Input data ▸
*-*-*
lemma inner_function_mult_poly_sqnorm_sums:
  assumes g: "inner_function g"
  shows "(\<lambda>k. (norm (taylor_coeff (\<lambda>z. g z * poly p z) k))\<^sup>2) sums l2_sqnorm (coeff p)"
proof -
  have g_hol: "g holomorphic_on unit_disc" and "bounded (g ` unit_disc)"
    using g unfolding inner_function_def by auto
  then obtain M where M: "\<And>z. z \<in> unit_disc \<Longrightarrow> norm (g z) \<le> M"
    unfolding bounded_iff by blast
  have "continuous_on (cball 0 1) (poly p)"
    by (intro continuous_intros)
  then obtain P where P: "\<And>z. z \<in> cball 0 1 \<Longrightarrow> norm (poly p z) \<le> P"
    using continuous_on_compact_bound[OF compact_cball] by blast
  have "0 \<le> M"
    using M[of 0] by (meson centre_in_ball norm_ge_zero order_trans zero_less_one)
  then have gp_bound: "norm (g z * poly p z) \<le> M * P" if "z \<in> unit_disc" for z
    using M[OF that] P[of z] that by (auto simp: norm_mult intro!: mult_mono)
  define h where "h \<theta> = (norm (poly p (cis \<theta>)))\<^sup>2" for \<theta>
  have h: "h \<in> borel_measurable borel"
    unfolding h_def by (intro borel_measurable_continuous_onI continuous_intros)
  have "(\<lambda>k. (norm (taylor_coeff (\<lambda>z. g z * poly p z) k))\<^sup>2) sums
      ((LINT \<theta>:{0..2 * pi}|lborel. h \<theta>) / (2 * pi))"
    using inner_function_radial_limit_mult_poly[OF g, of p] unfolding h_def[symmetric]
    by (intro parseval_boundary[OF _ gp_bound h]) (simp_all add: holomorphic_intros g_hol)
  moreover have "(\<lambda>k. (norm (coeff p k))\<^sup>2) sums ((LINT \<theta>:{0..2 * pi}|lborel. h \<theta>) / (2 * pi))"
  proof -
    have "AE \<theta> in lborel. \<theta> \<in> {0..2 * pi} \<longrightarrow>
        ((\<lambda>r. (norm (poly p (of_real r * cis \<theta>)))\<^sup>2) \<longlongrightarrow> h \<theta>) (at_left 1)"
      unfolding h_def by (intro AE_I2 impI tendsto_intros poly_radial_limit)
    moreover have "norm (poly p z) \<le> P" if "z \<in> unit_disc" for z
      using P that by simp
    ultimately show ?thesis
      using parseval_boundary[of "poly p" P h] h by (simp add: taylor_coeff_poly holomorphic_intros)
  qed
  ultimately show ?thesis
    unfolding l2_sqnorm_def by (metis sums_unique)
qed

section \<open>Convolution operators that are isometric on polynomials\<close>

definition conv_isometric_on_polys :: "(nat \<Rightarrow> complex) \<Rightarrow> bool" where
  "conv_isometric_on_polys \<gamma> \<longleftrightarrow>
     (\<forall>p. (\<lambda>k. (norm (seq_conv \<gamma> (coeff p) k))\<^sup>2) sums l2_sqnorm (coeff p))"

lemma inner_function_conv_isometric_on_polys:
  assumes g: "inner_function g"
  shows "conv_isometric_on_polys (taylor_coeff g)"
proof -
  have "g analytic_on {0}"
    using g unfolding inner_function_def by (auto intro: analytic_at_0_if_holomorphic_on_unit_disc)
  then have "taylor_coeff (\<lambda>z. g z * poly p z) = seq_conv (taylor_coeff g) (coeff p)" for p
    by (auto simp: taylor_coeff_mult taylor_coeff_poly analytic_intros)
  then show ?thesis
    using inner_function_mult_poly_sqnorm_sums[OF g]
    unfolding conv_isometric_on_polys_def by metis
qed

definition trunc_poly :: "nat \<Rightarrow> (nat \<Rightarrow> complex) \<Rightarrow> complex poly" where
  "trunc_poly N c = (\<Sum>k<N. monom (c k) k)"

lemma coeff_trunc_poly: "coeff (trunc_poly N c) k = (if k < N then c k else 0)"
  unfolding trunc_poly_def by (simp add: coeff_sum coeff_monom)

lemma l2_sqnorm_trunc_poly: "l2_sqnorm (coeff (trunc_poly N c)) = (\<Sum>k<N. (norm (c k))\<^sup>2)"
  unfolding l2_sqnorm_def by (subst suminf_finite[of "{..<N}"]) (auto simp: coeff_trunc_poly)

lemma l2_coeff: "l2 (coeff p)"
  by (rule l2_finite_support[of "Suc (degree p)"]) (simp add: coeff_eq_0)

lemma l2_sqnorm_tail_tendsto_0:
  assumes "l2 c"
  shows "(\<lambda>N. l2_sqnorm (\<lambda>k. c k - coeff (trunc_poly N c) k)) \<longlonglongrightarrow> 0"
proof -
  have "(\<lambda>k. (norm (c k - coeff (trunc_poly N c) k))\<^sup>2) =
      (\<lambda>k. (norm (c k))\<^sup>2 - (norm (coeff (trunc_poly N c) k))\<^sup>2)" for N
    by (auto simp: fun_eq_iff coeff_trunc_poly)
  then have "(\<lambda>k. (norm (c k - coeff (trunc_poly N c) k))\<^sup>2) sums
      (l2_sqnorm c - l2_sqnorm (coeff (trunc_poly N c)))" for N
    using sums_diff[OF l2_sqnorm_sums[OF assms] l2_sqnorm_sums[OF l2_coeff]] by simp
  then have "l2_sqnorm (\<lambda>k. c k - coeff (trunc_poly N c) k) = l2_sqnorm c - (\<Sum>k<N. (norm (c k))\<^sup>2)" for N
    unfolding l2_sqnorm_def[of "\<lambda>k. c k - _ k"] l2_sqnorm_trunc_poly[symmetric]
    by (rule sums_unique[symmetric])
  moreover have "(\<lambda>N. l2_sqnorm c - (\<Sum>k<N. (norm (c k))\<^sup>2)) \<longlonglongrightarrow> l2_sqnorm c - l2_sqnorm c"
    using l2_sqnorm_sums[OF assms] unfolding sums_def by (intro tendsto_intros)
  ultimately show ?thesis
    by simp
qed

lemma seq_conv_trunc_poly: "k < N \<Longrightarrow> seq_conv \<gamma> (coeff (trunc_poly N c)) k = seq_conv \<gamma> c k"
  unfolding seq_conv_def coeff_trunc_poly by (intro sum.cong) auto

lemma seq_conv_add: "seq_conv \<gamma> (\<lambda>k. a k + b k) = (\<lambda>k. seq_conv \<gamma> a k + seq_conv \<gamma> b k)"
  unfolding seq_conv_def by (simp add: distrib_left sum.distrib)

lemma seq_conv_diff: "seq_conv \<gamma> (\<lambda>k. a k - b k) = (\<lambda>k. seq_conv \<gamma> a k - seq_conv \<gamma> b k)"
  unfolding seq_conv_def by (simp add: right_diff_distrib sum_subtractf)

lemma seq_conv_cmult: "seq_conv \<gamma> (\<lambda>k. x * a k) = (\<lambda>k. x * seq_conv \<gamma> a k)"
  unfolding seq_conv_def by (simp add: sum_distrib_left mult_ac)

lemma
  assumes iso: "conv_isometric_on_polys \<gamma>" and c: "l2 c"
  shows l2_seq_conv: "l2 (seq_conv \<gamma> c)"
    and l2_sqnorm_seq_conv_le: "l2_sqnorm (seq_conv \<gamma> c) \<le> l2_sqnorm c"
proof -
  have partial: "(\<Sum>k<N. (norm (seq_conv \<gamma> c k))\<^sup>2) \<le> l2_sqnorm c" for N
  proof -
    let ?p = "trunc_poly N c"
    have "(\<Sum>k<N. (norm (seq_conv \<gamma> c k))\<^sup>2) = (\<Sum>k<N. (norm (seq_conv \<gamma> (coeff ?p) k))\<^sup>2)"
      by (simp add: seq_conv_trunc_poly)
    also have "\<dots> \<le> l2_sqnorm (coeff ?p)"
    proof -
      have "(\<lambda>k. (norm (seq_conv \<gamma> (coeff ?p) k))\<^sup>2) sums l2_sqnorm (coeff ?p)"
        using iso unfolding conv_isometric_on_polys_def by blast
      then show ?thesis
        using sum_le_suminf[OF sums_summable, of _ _ "{..<N}"] sums_unique by fastforce
    qed
    also have "\<dots> \<le> l2_sqnorm c"
      unfolding l2_sqnorm_trunc_poly unfolding l2_sqnorm_def using c unfolding l2_def
      by (intro sum_le_suminf) auto
    finally show ?thesis .
  qed
  have "summable (\<lambda>k. (norm (seq_conv \<gamma> c k))\<^sup>2)"
    by (rule summableI_nonneg_bounded[OF _ partial]) simp
  then show "l2 (seq_conv \<gamma> c)" "l2_sqnorm (seq_conv \<gamma> c) \<le> l2_sqnorm c"
    unfolding l2_def l2_sqnorm_def[of "seq_conv \<gamma> c"] using suminf_le_const partial by auto
qed

lemma l2_sqnorm_seq_conv:
  assumes iso: "conv_isometric_on_polys \<gamma>" and c: "l2 c"
  shows "l2_sqnorm (seq_conv \<gamma> c) = l2_sqnorm c"
proof -
  \<comment> \<open>The isometry holds on the truncations of c, and the convolution of the tails is
    controlled by the contraction property.\<close>
  define t where "t N = (\<lambda>k. c k - coeff (trunc_poly N c) k)" for N
  have t: "l2 (t N)" "l2 (seq_conv \<gamma> (t N))" for N
    unfolding t_def using c l2_coeff by (simp_all add: l2_diff l2_seq_conv[OF iso])
  have Gc: "l2 (seq_conv \<gamma> c)"
    by (rule l2_seq_conv[OF iso c])
  have "sqrt (\<Sum>k<N. (norm (c k))\<^sup>2) \<le> sqrt (l2_sqnorm (seq_conv \<gamma> c)) + sqrt (l2_sqnorm (t N))" for N
  proof -
    have "(\<lambda>k. (norm (seq_conv \<gamma> (coeff (trunc_poly N c)) k))\<^sup>2) sums l2_sqnorm (coeff (trunc_poly N c))"
      using iso unfolding conv_isometric_on_polys_def by blast
    then have "l2_sqnorm (seq_conv \<gamma> (coeff (trunc_poly N c))) = l2_sqnorm (coeff (trunc_poly N c))"
      unfolding l2_sqnorm_def[of "seq_conv _ _"] by (rule sums_unique[symmetric])
    then have "(\<Sum>k<N. (norm (c k))\<^sup>2) = l2_sqnorm (seq_conv \<gamma> (coeff (trunc_poly N c)))"
      by (simp add: l2_sqnorm_trunc_poly)
    also have "seq_conv \<gamma> (coeff (trunc_poly N c)) = (\<lambda>k. seq_conv \<gamma> c k - seq_conv \<gamma> (t N) k)"
      unfolding t_def seq_conv_diff by simp
    finally have "sqrt (\<Sum>k<N. (norm (c k))\<^sup>2) \<le>
        sqrt (l2_sqnorm (seq_conv \<gamma> c)) + sqrt (l2_sqnorm (seq_conv \<gamma> (t N)))"
      using l2_norm_triangle_diff[OF Gc t(2)] by simp
    moreover have "sqrt (l2_sqnorm (seq_conv \<gamma> (t N))) \<le> sqrt (l2_sqnorm (t N))"
      using l2_sqnorm_seq_conv_le[OF iso t(1)] by simp
    ultimately show ?thesis
      by linarith
  qed
  moreover have "(\<lambda>N. sqrt (\<Sum>k<N. (norm (c k))\<^sup>2)) \<longlonglongrightarrow> sqrt (l2_sqnorm c)"
    using l2_sqnorm_sums[OF c] unfolding sums_def by (intro tendsto_intros)
  moreover have "(\<lambda>N. sqrt (l2_sqnorm (seq_conv \<gamma> c)) + sqrt (l2_sqnorm (t N)))
      \<longlonglongrightarrow> sqrt (l2_sqnorm (seq_conv \<gamma> c)) + sqrt 0"
    unfolding t_def by (intro tendsto_intros l2_sqnorm_tail_tendsto_0[OF c])
  ultimately have "sqrt (l2_sqnorm c) \<le> sqrt (l2_sqnorm (seq_conv \<gamma> c)) + sqrt 0"
    by (intro LIMSEQ_le) auto
  then have "sqrt (l2_sqnorm c) \<le> sqrt (l2_sqnorm (seq_conv \<gamma> c))"
    by simp
  then show ?thesis
    using l2_sqnorm_seq_conv_le[OF iso c] by simp
qed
*-*-*
Exercise ▸
Could you repeat exactly the lines above from the line with "(cball 0 1)" up to and including the line with "(g z * poly", and only those?

Task answer ▸
  have "continuous_on (cball 0 1) (poly p)"
    by (intro continuous_intros)
  then obtain P where P: "\<And>z. z \<in> cball 0 1 \<Longrightarrow> norm (poly p z) \<le> P"
    using continuous_on_compact_bound[OF compact_cball] by blast
  have "0 \<le> M"
    using M[of 0] by (meson centre_in_ball norm_ge_zero order_trans zero_less_one)
  then have gp_bound: "norm (g z * poly p z) \<le> M * P" if "z \<in> unit_disc" for z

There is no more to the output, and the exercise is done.